== Data for analysis ==
lemma blunt_cone_cone_sum:
  assumes A: "blunt_cone A" and B: "blunt_cone B"
    and disjoint: "\<And>b. b \<in> B \<Longrightarrow> - b \<notin> A"
  shows "blunt_cone (cone_sum A B)"
proof -
  have both_zero: "a = 0 \<and> b = 0" if "a \<in> insert 0 A" "b \<in> insert 0 B" "a + b = 0" for a b
    using insert_zero_add_eq_0D[OF blunt_coneD(2)[OF A] _ that] disjoint by blast
  show ?thesis
    unfolding blunt_cone_def
  proof (intro conjI ballI allI impI)
    show "cone_sum A B \<subseteq> gambles"
      using blunt_coneD(1)[OF A] blunt_coneD(1)[OF B]
      by (auto simp: cone_sum_def zero_in_gambles intro!: gambles_add)
    show "0 \<notin> cone_sum A B" by (simp add: cone_sum_def)
  next
    fix f g assume "f \<in> cone_sum A B" "g \<in> cone_sum A B"
    then obtain a1 b1 a2 b2 where
      ab: "a1 \<in> insert 0 A" "b1 \<in> insert 0 B" "a2 \<in> insert 0 A" "b2 \<in> insert 0 B"
      and fg: "f = a1 + b1" "g = a2 + b2" "f \<noteq> 0"
      unfolding cone_sum_def by blast
    have decomp: "f + g = (a1 + a2) + (b1 + b2)" using fg by (simp add: algebra_simps)
    moreover have sums: "a1 + a2 \<in> insert 0 A" "b1 + b2 \<in> insert 0 B"
      using blunt_cone_insert_zero_add[OF A ab(1,3)] blunt_cone_insert_zero_add[OF B ab(2,4)] .
    moreover have "f + g \<noteq> 0"
    proof
      assume "f + g = 0"
      then have "a1 + a2 = 0" "b1 + b2 = 0"
        using both_zero[OF sums] decomp by auto
      then have "a1 = 0" "b1 = 0"
        using insert_zero_add_eq_0D[OF blunt_coneD(2)[OF A] _ ab(1,3)]
          insert_zero_add_eq_0D[OF blunt_coneD(2)[OF B] _ ab(2,4)]
          blunt_cone_uminus_notin[OF A] blunt_cone_uminus_notin[OF B] by blast+
      then show False using fg by simp
    qed
    ultimately show "f + g \<in> cone_sum A B" unfolding cone_sum_def by blast
  next
    fix f and c :: real assume "f \<in> cone_sum A B" "c > 0"
    then obtain a b where ab: "a \<in> insert 0 A" "b \<in> insert 0 B" "f = a + b" "f \<noteq> 0"
      unfolding cone_sum_def by blast
    have "(\<lambda>w. c * f w) = (\<lambda>w. c * a w) + (\<lambda>w. c * b w)"
      using ab(3) by (simp add: fun_eq_iff algebra_simps)
    moreover have "(\<lambda>w. c * a w) \<in> insert 0 A" "(\<lambda>w. c * b w) \<in> insert 0 B"
      using blunt_cone_insert_zero_scale[OF A ab(1) \<open>c > 0\<close>]
        blunt_cone_insert_zero_scale[OF B ab(2) \<open>c > 0\<close>] by auto
    moreover have "(\<lambda>w. c * f w) \<noteq> 0"
      using ab(4) \<open>c > 0\<close> by (auto simp: fun_eq_iff)
    ultimately show "(\<lambda>w. c * f w) \<in> cone_sum A B" unfolding cone_sum_def by blast
  qed
qed

lemma coherent_cone_sum:
  assumes A: "coherent A" and B: "blunt_cone B" and disjoint: "\<And>b. b \<in> B \<Longrightarrow> - b \<notin> A"
  shows "coherent (cone_sum A B)"
proof -
  have "pos_gambles \<subseteq> A" "A \<subseteq> cone_sum A B"
    using A coherentD(2)[OF A] subset_cone_sum_left by (auto simp: coherent_iff_blunt_cone)
  moreover have "blunt_cone (cone_sum A B)"
    using A B disjoint by (simp add: coherent_iff_blunt_cone blunt_cone_cone_sum)
  ultimately show ?thesis by (auto simp: coherent_iff_blunt_cone)
qed

lemma blunt_cone_Union_chain:
  assumes cones: "\<And>X. X \<in> C \<Longrightarrow> blunt_cone X" and chain: "chain\<^sub>\<subseteq> C"
  shows "blunt_cone (\<Union>C)"
  unfolding blunt_cone_def
proof (intro conjI ballI allI impI)
  show "\<Union>C \<subseteq> gambles" "0 \<notin> \<Union>C" using cones blunt_coneD(1,2) by blast+
next
  fix f g assume "f \<in> \<Union>C" "g \<in> \<Union>C"
  then obtain X Y where "X \<in> C" "Y \<in> C" "f \<in> X" "g \<in> Y" by blast
  with chain obtain Z where "Z \<in> C" "f \<in> Z" "g \<in> Z" unfolding chain_subset_def by blast
  then show "f + g \<in> \<Union>C" using cones blunt_coneD(3) by blast
next
  fix f and c :: real assume "f \<in> \<Union>C" "c > 0"
  then show "(\<lambda>w. c * f w) \<in> \<Union>C" using cones blunt_coneD(4) by blast
qed

lemma coherent_Union_chain:
  assumes "C \<noteq> {}" "\<And>X. X \<in> C \<Longrightarrow> coherent X" "chain\<^sub>\<subseteq> C"
  shows "coherent (\<Union>C)"
  using assms blunt_cone_Union_chain[of C] unfolding coherent_iff_blunt_cone by blast

lemma ex_atom_superset:
  assumes "coherent D"
  shows "\<exists>M\<in>atoms. D \<subseteq> M"
proof -
  let ?E = "{E. coherent E \<and> D \<subseteq> E}"
  have "\<exists>M\<in>?E. \<forall>X\<in>?E. M \<subseteq> X \<longrightarrow> X = M"
  proof (rule subset_Zorn_nonempty)
    show "?E \<noteq> {}" using assms by blast
  next
    fix C assume "C \<noteq> {}" "subset.chain ?E C"
    then have "coherent (\<Union>C)" "D \<subseteq> \<Union>C"
      using coherent_Union_chain[of C] unfolding subset_chain_def chain_subset_def by blast+
    then show "\<Union>C \<in> ?E" by blast
  qed
  then obtain M where "coherent M" "D \<subseteq> M" "\<forall>X\<in>?E. M \<subseteq> X \<longrightarrow> X = M" by blast
  moreover from this have "M \<in> atoms" unfolding atoms_def by auto
  ultimately show ?thesis by blast
qed

lemma atom_mem_or_uminus_mem:
  assumes M: "M \<in> atoms" and f: "f \<in> gambles" "f \<noteq> 0"
  shows "f \<in> M \<or> - f \<in> M"
proof (cases "f \<in> M")
  case False
  have cM: "coherent M" using M by (rule atoms_coherent)
  have ray: "blunt_cone (ray (- f))" using f by (simp add: blunt_cone_ray gambles_uminus)
  have "- b \<notin> M" if b: "b \<in> ray (- f)" for b
  proof
    assume "- b \<in> M"
    obtain c where c: "c > 0" "b = (\<lambda>w. c * (- f) w)" using b by (auto simp: ray_def)
    then have "f = (\<lambda>w. (1 / c) * (- b) w)" by (auto simp: fun_eq_iff)
    moreover have "(\<lambda>w. (1 / c) * (- b) w) \<in> M"
      using \<open>- b \<in> M\<close> c(1) by (intro coherentD(4)[OF cM]) (simp_all add: fun_Compl_def)
    ultimately show False using False by simp
  qed
  then have "coherent (cone_sum M (ray (- f)))" by (rule coherent_cone_sum[OF cM ray])
  moreover have "M \<subseteq> cone_sum M (ray (- f))"
    using coherentD(2)[OF cM] by (rule subset_cone_sum_left)
  ultimately have "cone_sum M (ray (- f)) = M" using M unfolding atoms_def by blast
  then show ?thesis
    using subset_cone_sum_right[OF blunt_coneD(2)[OF ray]] self_in_ray by blast
qed simp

== Activity ==
Each line with the word "intro" in the records above belongs in the result; copy all of them.

== Expected answer ==
  proof (intro conjI ballI allI impI)
      by (auto simp: cone_sum_def zero_in_gambles intro!: gambles_add)
proof (intro conjI ballI allI impI)
      using \<open>- b \<in> M\<close> c(1) by (intro coherentD(4)[OF cM]) (simp_all add: fun_Compl_def)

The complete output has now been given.